Miró sus labios. Fijamente. Tal vez decir una palabra mas sería como volver a jugar al póker con dados, como aquella tarde en la arena de Cortadura, o volver a los días nublados y confusos en los que perdía siempre en la prórroga, a punto de llegar al final.
Un pequeño catálogo de frustraciones con fecha de caducidad.
Despacio. Poco a poco se acercó a sus labios. Wet your lips when you´re falling in love, recordó a Terence. Dora sabía que el ritmo cardiaco era una base de funk, que sus brazos torpes buscaban la rozadura ardiente de otros brazos torpes.
Y se besaron.
Fue un minuto largo, que dio paso a otro minuto y a otro más. Un beso de cine antiguo, de cine de barriada que se convirtió en un beso prohibido, de exilio.

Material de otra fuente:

lemma closed_add_subgroup_contains_line:
  fixes G :: "'a::{real_normed_vector, perfect_space, heine_borel} set"
  assumes sg: "add_subgroup G" and cl: "closed G"
    and small: "\<And>e. e > 0 \<Longrightarrow> \<exists>g\<in>G. g \<noteq> 0 \<and> norm g < e"
  shows "\<exists>v. norm v = 1 \<and> (\<forall>t. t *\<^sub>R v \<in> G)"
proof -
  have "\<forall>n. \<exists>g\<in>G. g \<noteq> 0 \<and> norm g < inverse (real (Suc n))"
    using small by simp
  then obtain g where g: "\<And>n. g n \<in> G" "\<And>n. g n \<noteq> 0" "\<And>n. norm (g n) < inverse (real (Suc n))"
    by metis
  have "\<forall>n. sgn (g n) \<in> sphere 0 1"
    using g(2) by (simp add: norm_sgn)
  then obtain v r where v: "v \<in> sphere 0 1" "strict_mono r" "((\<lambda>n. sgn (g n)) \<circ> r) \<longlonglongrightarrow> v"
    by (rule seq_compactE[OF compact_imp_seq_compact[OF compact_sphere]])
  define c where "c n = norm (g (r n))" for n
  have c_pos: "c n > 0" for n
    using g(2) by (simp add: c_def)
  have c_le: "c n \<le> inverse (real (Suc n))" for n
  proof -
    have "inverse (real (Suc (r n))) \<le> inverse (real (Suc n))"
      using seq_suble[OF v(2), of n] by (simp add: le_imp_inverse_le)
    then show ?thesis
      using g(3)[of "r n"] unfolding c_def by linarith
  qed
  have "c \<longlonglongrightarrow> 0"
    using c_pos c_le
    by (intro Lim_null_comparison[OF always_eventually LIMSEQ_inverse_real_of_nat]) (auto simp: abs_of_pos)
  have "t *\<^sub>R v \<in> G" for t
  proof (rule closed_sequentially[OF cl])
    have "(of_int \<lfloor>t / c n\<rfloor> * c n) *\<^sub>R sgn (g (r n)) = of_int \<lfloor>t / c n\<rfloor> *\<^sub>R g (r n)" for n
      using c_pos[of n] by (simp add: c_def sgn_div_norm)
    then show "(\<lambda>n. of_int \<lfloor>t / c n\<rfloor> *\<^sub>R g (r n)) \<longlonglongrightarrow> t *\<^sub>R v"
      using tendsto_scaleR[OF floor_divide_mult_tendsto[OF c_pos \<open>c \<longlonglongrightarrow> 0\<close>, of t] v(3)]
      by (simp add: comp_def)
  qed (use add_subgroup_of_int_scaleR[OF sg g(1)] in blast)
  with v(1) show ?thesis by auto
qed

lemma closed_add_subgroup_real_eq_multiples:
  fixes B :: "real set"
  assumes sg: "add_subgroup B" and cl: "closed B" and "b \<in> B" "b \<noteq> 0" and "B \<noteq> UNIV"
  shows "\<exists>c>0. B = range (\<lambda>k. of_int k * c)"
proof -
  define P where "P = {s\<in>B. s > 0}"
  have "\<bar>b\<bar> \<in> P"
    using assms(3,4) sg by (cases "b \<ge> 0") (auto simp: P_def add_subgroup_def)
  then have P_ne: "P \<noteq> {}" by blast
  have P_bdd: "bdd_below P"
    by (rule bdd_belowI[of _ 0]) (auto simp: P_def)
  define c where "c = Inf P"
  have "c \<in> closure P"
    unfolding c_def by (rule closure_contains_Inf[OF P_ne P_bdd])
  also have "\<dots> \<subseteq> B"
    using cl by (metis P_def closure_minimal mem_Collect_eq subsetI)
  finally have c_mem: "c \<in> B" .
  have "c > 0"
  proof (rule ccontr)
    assume "\<not> c > 0"
    then have "c \<le> 0" by simp
    have "\<exists>s\<in>B. s \<noteq> 0 \<and> norm s < e" if "e > 0" for e
    proof -
      have "Inf P < e"
        using \<open>c \<le> 0\<close> that by (simp add: c_def)
      then obtain s where "s \<in> P" "s < e"
        using cInf_less_iff[OF P_ne P_bdd] by blast
      then show ?thesis by (intro bexI[of _ s]) (auto simp: P_def)
    qed
    then obtain v where v: "norm v = 1" "\<And>t. t *\<^sub>R v \<in> B"
      using closed_add_subgroup_contains_line[OF sg cl] by blast
    have "y \<in> B" for y
      using v(2)[of "y / v"] v(1) by (auto simp: abs_if split: if_splits)
    with \<open>B \<noteq> UNIV\<close> show False by blast
  qed
  have "s \<in> range (\<lambda>k. of_int k * c)" if "s \<in> B" for s
  proof -
    define r where "r = s - of_int \<lfloor>s / c\<rfloor> * c"
    have "r \<in> B"
      unfolding r_def using add_subgroup_diff[OF sg that add_subgroup_of_int_scaleR[OF sg c_mem]] by simp
    moreover have "0 \<le> r" "r < c"
      using floor_divide_lower[OF \<open>c > 0\<close>, of s] floor_divide_upper[OF \<open>c > 0\<close>, of s]
      by (simp_all add: r_def algebra_simps)
    ultimately have "r = 0"
      using cInf_lower[OF _ P_bdd, of r] by (force simp: P_def c_def)
    then show ?thesis by (auto simp: r_def)
  qed
  moreover have "of_int k * c \<in> B" for k
    using add_subgroup_of_int_scaleR[OF sg c_mem] by simp
  ultimately show ?thesis
    using \<open>c > 0\<close> by blast
qed

text \<open>Only the component of \<open>x\<close> along the normal \<open>(- v2, v1)\<close> of the line matters.\<close>
lemma add_subgroup_containing_line_mem_iff:
  fixes G :: "(real \<times> real) set"
  assumes sg: "add_subgroup G" and line: "\<And>t. t *\<^sub>R (v1, v2) \<in> G" and unit: "v1\<^sup>2 + v2\<^sup>2 = 1"
  shows "x \<in> G \<longleftrightarrow> (snd x * v1 - fst x * v2) *\<^sub>R (- v2, v1) \<in> G"
proof -
  let ?w = "(snd x * v1 - fst x * v2) *\<^sub>R (- v2, v1)"
  have "x = (fst x * v1 + snd x * v2) *\<^sub>R (v1, v2) + ?w"
  proof -
    have "fst x = fst x * (v1\<^sup>2 + v2\<^sup>2)" "snd x = snd x * (v1\<^sup>2 + v2\<^sup>2)"
      using unit by simp_all
    then show ?thesis
      by (simp add: prod_eq_iff power2_eq_square algebra_simps)
  qed
  then show ?thesis
    using line add_subgroup_diff[OF sg _ line] sg unfolding add_subgroup_def
    by (metis add_diff_cancel_left')
qed

lemma preimage_multiples_eq_char_kernel:
  assumes "c > 0" and k1: "- 2 * pi * v2 = of_int k1 * c" and k2: "2 * pi * v1 = of_int k2 * c"
  shows "{x. snd x * v1 - fst x * v2 \<in> range (\<lambda>k. of_int k * c)} = char_kernel k1 k2"
proof -
  have "snd x * v1 - fst x * v2 \<in> range (\<lambda>k. of_int k * c) \<longleftrightarrow> x \<in> char_kernel k1 k2" for x
  proof -
    obtain a b where x: "x = (a, b)" by fastforce
    have "2 * pi * (b * v1 - a * v2) = a * (- 2 * pi * v2) + b * (2 * pi * v1)"
      by (simp add: algebra_simps)
    also have "\<dots> = (of_int k1 * a + of_int k2 * b) * c"
      by (simp only: k1 k2) (simp add: algebra_simps)
    finally have scaled: "2 * pi * (b * v1 - a * v2) = (of_int k1 * a + of_int k2 * b) * c" .
    have "b * v1 - a * v2 \<in> range (\<lambda>k. of_int k * c) \<longleftrightarrow>
        (\<exists>k::int. (of_int k1 * a + of_int k2 * b) * c = (2 * pi * of_int k) * c)"
      by (auto simp flip: scaled)
    also have "\<dots> \<longleftrightarrow> (a, b) \<in> char_kernel k1 k2"
      using \<open>c > 0\<close> by (simp add: char_kernel_def)
    finally show ?thesis by (simp add: x)
  qed
  then show ?thesis by blast
qed

lemma closed_plane_subgroup_eq_char_kernel:
  fixes G :: "(real \<times> real) set"
  assumes sg: "add_subgroup G" and cl: "closed G" and "G \<noteq> UNIV"
    and lattice: "\<And>k l :: int. (2 * pi * of_int k, 2 * pi * of_int l) \<in> G"
    and small: "\<And>e. e > 0 \<Longrightarrow> \<exists>g\<in>G. g \<noteq> 0 \<and> norm g < e"
  shows "\<exists>m n. G = char_kernel m n"
proof -
  obtain v1 v2 where line: "\<And>t. t *\<^sub>R (v1, v2) \<in> G" and unit: "v1\<^sup>2 + v2\<^sup>2 = 1"
    using closed_add_subgroup_contains_line[OF sg cl small] by (auto simp: norm_Pair)
  define w where "w = (- v2, v1)"
  define B where "B = {s. s *\<^sub>R w \<in> G}"
  have G: "G = {x. snd x * v1 - fst x * v2 \<in> B}"
    using add_subgroup_containing_line_mem_iff[OF sg line unit] by (auto simp: B_def w_def)
  have "add_subgroup B"
    using sg unfolding add_subgroup_def B_def by (simp add: scaleR_add_left)
  moreover have "closed B"
    unfolding B_def using continuous_closed_vimage[OF cl, of "\<lambda>s. s *\<^sub>R w"]
    by (simp add: vimage_def continuous_intros)
  moreover have "B \<noteq> UNIV"
    using \<open>G \<noteq> UNIV\<close> G by auto
  moreover have gen1: "- 2 * pi * v2 \<in> B" and gen2: "2 * pi * v1 \<in> B"
    using lattice[of 1 0] lattice[of 0 1] unfolding G by simp_all
  moreover obtain b where "b \<in> B" "b \<noteq> 0"
  proof (cases "v1 = 0")
    case True
    then have "v2 \<noteq> 0" using unit by auto
    then show ?thesis using that[OF gen1] by simp
  next
    case False
    then show ?thesis using that[OF gen2] by simp
  qed
  ultimately obtain c where "c > 0" and B: "B = range (\<lambda>k. of_int k * c)"
    using closed_add_subgroup_real_eq_multiples by blast
  obtain k1 k2 where "- 2 * pi * v2 = of_int k1 * c" and "2 * pi * v1 = of_int k2 * c"
    using gen1 gen2 B by auto
  then have "G = char_kernel k1 k2"
    unfolding G B using preimage_multiples_eq_char_kernel[OF \<open>c > 0\<close>] by blast
  then show ?thesis by blast
qed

De repente Dora se sintió como Maria con Tony agonizante en sus brazos, sintió la desesperación del que ve pasar la vida desde un punto exterior.
Luego el tiempo, hizo el resto. Una vez leí que todas las historias deberían terminar mal puesto que intentan ser (fieles a la realidad o a la imaginación) un trozo de vida, y esta, esta siempre acaba mal, con la muerte. Por eso tal vez ahora suspira junto a él, viendo los días pasar, recordando en almíbar. Y mientras existan tardes lluviosas que certifiquen su afán de supervivencia, solo le quedará una certeza: su amor real fue en un basurero.

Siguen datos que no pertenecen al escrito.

(* Let $\mathcal{H}$ be a complex separable Hilbert space, let $\mathcal{A}=(A_n)_{n\ge 0}$ be a sequence of positive invertible bounded operators on $\mathcal{H}$ with $\sup_n\|A_n\|<\infty$, and let $W_{\mathcal A}$ be the associated operator-valued weighted shift on $\ell^2(\mathcal H)$. Let $k\ge 1$ be an integer. Then $W_{\mathcal A}$ is $k$-hyponormal if and only if $W_{\mathcal A}$ is $k_E$-hyponormal.
   Context: $\ell^2(\mathcal H)=\{(x_n)_{n\ge0}: x_n\in\mathcal H,\ \sum_n\|x_n\|^2<\infty\}$ with inner product $\langle x,y\rangle=\sum_n\langle x_n,y_n\rangle$. The operator-valued weighted shift is $W_{\mathcal A}(x_0,x_1,x_2,\dots)=(0,A_0x_0,A_1x_1,\dots)$. A bounded operator $T$ is $k$-hyponormal if the operator matrix $(T^{*j}T^{i})_{0\le i,j\le k}$ is positive (equivalently $([T^{*j},T^i])_{1\le i,j\le k}\ge0$, where $[X,Y]=XY-YX$), and $k_E$-hyponormal (Embry $k$-hyponormal) if the operator matrix $(T^{*(i+j)}T^{i+j})_{0\le i,j\le k}$ is positive. *)

theory Defs
  imports "HOL-Analysis.Analysis"
begin

text \<open>The inner product is linear in
the first argument and conjugate-linear in the second.\<close>

class cvector_space = real_vector +
  fixes scaleC :: "complex \<Rightarrow> 'a \<Rightarrow> 'a"
  assumes scaleC_add_right: "scaleC a (x + y) = scaleC a x + scaleC a y"
    and scaleC_add_left: "scaleC (a + b) x = scaleC a x + scaleC b x"
    and scaleC_scaleC: "scaleC a (scaleC b x) = scaleC (a * b) x"
    and scaleC_one: "scaleC 1 x = x"
    and scaleR_scaleC: "scaleR r x = scaleC (complex_of_real r) x"

class cinner_space = cvector_space + real_normed_vector +
  fixes cinner :: "'a \<Rightarrow> 'a \<Rightarrow> complex"
  assumes cinner_commute: "cinner x y = cnj (cinner y x)"
    and cinner_add_left: "cinner (x + y) z = cinner x z + cinner y z"
    and cinner_scaleC_left: "cinner (scaleC c x) y = c * cinner x y"
    and cinner_ge_zero: "0 \<le> Re (cinner x x)"
    and cinner_eq_zero_iff: "cinner x x = 0 \<longleftrightarrow> x = 0"
    and norm_eq_sqrt_cinner: "norm x = sqrt (Re (cinner x x))"

class chilbert_space = cinner_space + complete_space

definition bounded_cop :: "('a::cinner_space \<Rightarrow> 'a) \<Rightarrow> bool" where
  "bounded_cop T \<longleftrightarrow> (\<forall>x y. T (x + y) = T x + T y) \<and> (\<forall>c x. T (scaleC c x) = scaleC c (T x))
     \<and> (\<exists>K. \<forall>x. norm (T x) \<le> norm x * K)"

definition cpos :: "complex \<Rightarrow> bool" where
  "cpos z \<longleftrightarrow> Im z = 0 \<and> 0 \<le> Re z"

definition positive_op :: "('a::cinner_space \<Rightarrow> 'a) \<Rightarrow> bool" where
  "positive_op T \<longleftrightarrow> (\<forall>x. cpos (cinner (T x) x))"

definition invertible_op :: "('a::cinner_space \<Rightarrow> 'a) \<Rightarrow> bool" where
  "invertible_op T \<longleftrightarrow> (\<exists>S. bounded_cop S \<and> (\<forall>x. S (T x) = x) \<and> (\<forall>x. T (S x) = x))"

definition l2seq :: "(nat \<Rightarrow> 'a::cinner_space) set" where
  "l2seq = {x. summable (\<lambda>n. (norm (x n))^2)}"

definition l2inner :: "(nat \<Rightarrow> 'a::cinner_space) \<Rightarrow> (nat \<Rightarrow> 'a) \<Rightarrow> complex" where
  "l2inner x y = (\<Sum>n. cinner (x n) (y n))"
lemma sinh_gt_self:
  fixes t :: real
  assumes "0 < t"
  shows "t < sinh t"
proof -
  define q where "q n = (if even n then 0 else 1 ^ n)
    - (if n < 1 then 0 else (if n - 1 = 0 then 1 else 0) * real n)" for n
  have "egf_sums q t (sinh (1 * t) - t * 1)"
    unfolding q_def by (intro egf_sums_diff egf_sums_sinh egf_sums_mult_t egf_sums_const)
  moreover have "0 \<le> q n" for n
    by (auto simp: q_def)
  moreover have "0 < q 3"
    by (simp add: q_def)
  ultimately show ?thesis
    using egf_sums_pos assms by fastforce
qed

lemma sinh_less_mult_cosh:
  fixes t :: real
  assumes "0 < t"
  shows "sinh t < t * cosh t"
proof -
  define q where "q n = (if n < 1 then 0 else (if even (n - 1) then 1 ^ (n - 1) else 0) * real n)
    - (if even n then 0 else 1 ^ n)" for n
  have "egf_sums q t (t * cosh (1 * t) - sinh (1 * t))"
    unfolding q_def by (intro egf_sums_diff egf_sums_sinh egf_sums_mult_t egf_sums_cosh)
  moreover have "0 \<le> q n" for n
    by (cases "n = 0"; cases "even n") (auto simp: q_def)
  moreover have "0 < q 3"
    by (simp add: q_def)
  ultimately show ?thesis
    using egf_sums_pos assms by fastforce
qed

lemma sinh_square_bound:
  fixes t :: real
  assumes "0 < t"
  shows "2 * sinh t ^ 2 < t * sinh t * cosh t + t ^ 2"
proof -
  define q where "q n = 1/2 * (if n < 1 then 0 else (if even (n - 1) then 0 else 2 ^ (n - 1)) * real n)
    - (if even n then 2 ^ n else 0) + (if n = 0 then 1 else 0)
    + (if n < 2 then 0 else (if n - 2 = 0 then 1 else 0) * (real n * (real n - 1)))" for n
  have "egf_sums q t (1/2 * (t * sinh (2 * t)) - cosh (2 * t) + 1 + t ^ 2 * 1)"
    unfolding q_def
    by (intro egf_sums_add egf_sums_diff egf_sums_cmult egf_sums_cosh egf_sums_const
        egf_sums_mult_t[OF egf_sums_sinh] egf_sums_mult_t2[OF egf_sums_const])
  moreover have "0 \<le> q n" for n
  proof (cases "n < 4")
    case True
    then have "n = 0 \<or> n = 1 \<or> n = 2 \<or> n = 3"
      by arith
    then show ?thesis
      by (auto simp: q_def)
  next
    case False
    then have "(2::real) ^ n = 2 * 2 ^ (n - 1)"
      by (simp add: power_eq_if)
    with False show ?thesis
      by (cases "even n") (auto simp: q_def)
  qed
  moreover have "0 < q 6"
    by (simp add: q_def)
  ultimately have "0 < 1/2 * (t * sinh (2 * t)) - cosh (2 * t) + 1 + t ^ 2 * 1"
    using egf_sums_pos assms by blast
  then show ?thesis
    by (simp add: sinh_double cosh_double cosh_square_eq)
qed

2 Responses to Love In a Trashcan

  1. Anónimo Says:
    gracias a ti.
  2. Anónimo Says:
    Podría tratarse de una broma, pero no lo es. El marco es verídico, la historia es real. Una coincidencia más, tonterías de verano. Andaba sumergido en los increíbles jardines del Palacio de la Granja de San Ildefonso, acababa de dejar el "lago del Mar", de recorrer el interior de los tuneles sobre los que cae el agua de las cascadas, junto a la Casa de la Góndola; de arriesgarme a entrar al laberinto, intentando invocar a Sofia Coppola para que hiciese una mejor recreación de aquella época, a costa de jugármela con los supuestos corzos sueltos, y a punto de desembocar en el Bosquete de la Selva (aunque tiene un nombre más evocador el de la “melancolía”, un poco más adelante), cuando me cruzo con dos parejas jóvenes, una de ellas con un niño pequeño. Una de ellas de aspecto oriental, la chica muy guapa. Es entonces cuando su amiga la pregunta en inglés (posiblemente la interlocutora es española) “and can you spell your name?”.
    La chica, Yoko Ono de mi tarde (salvando las distancias y las bellezas) que toca ya a su fin, responde, alto y claro como un whisper XL: “Di – ou – ar- ei”, “Dora”…
    La miro, me mira. Nos miramos. Dora existe y no podía pasear por un lugar más adecuado.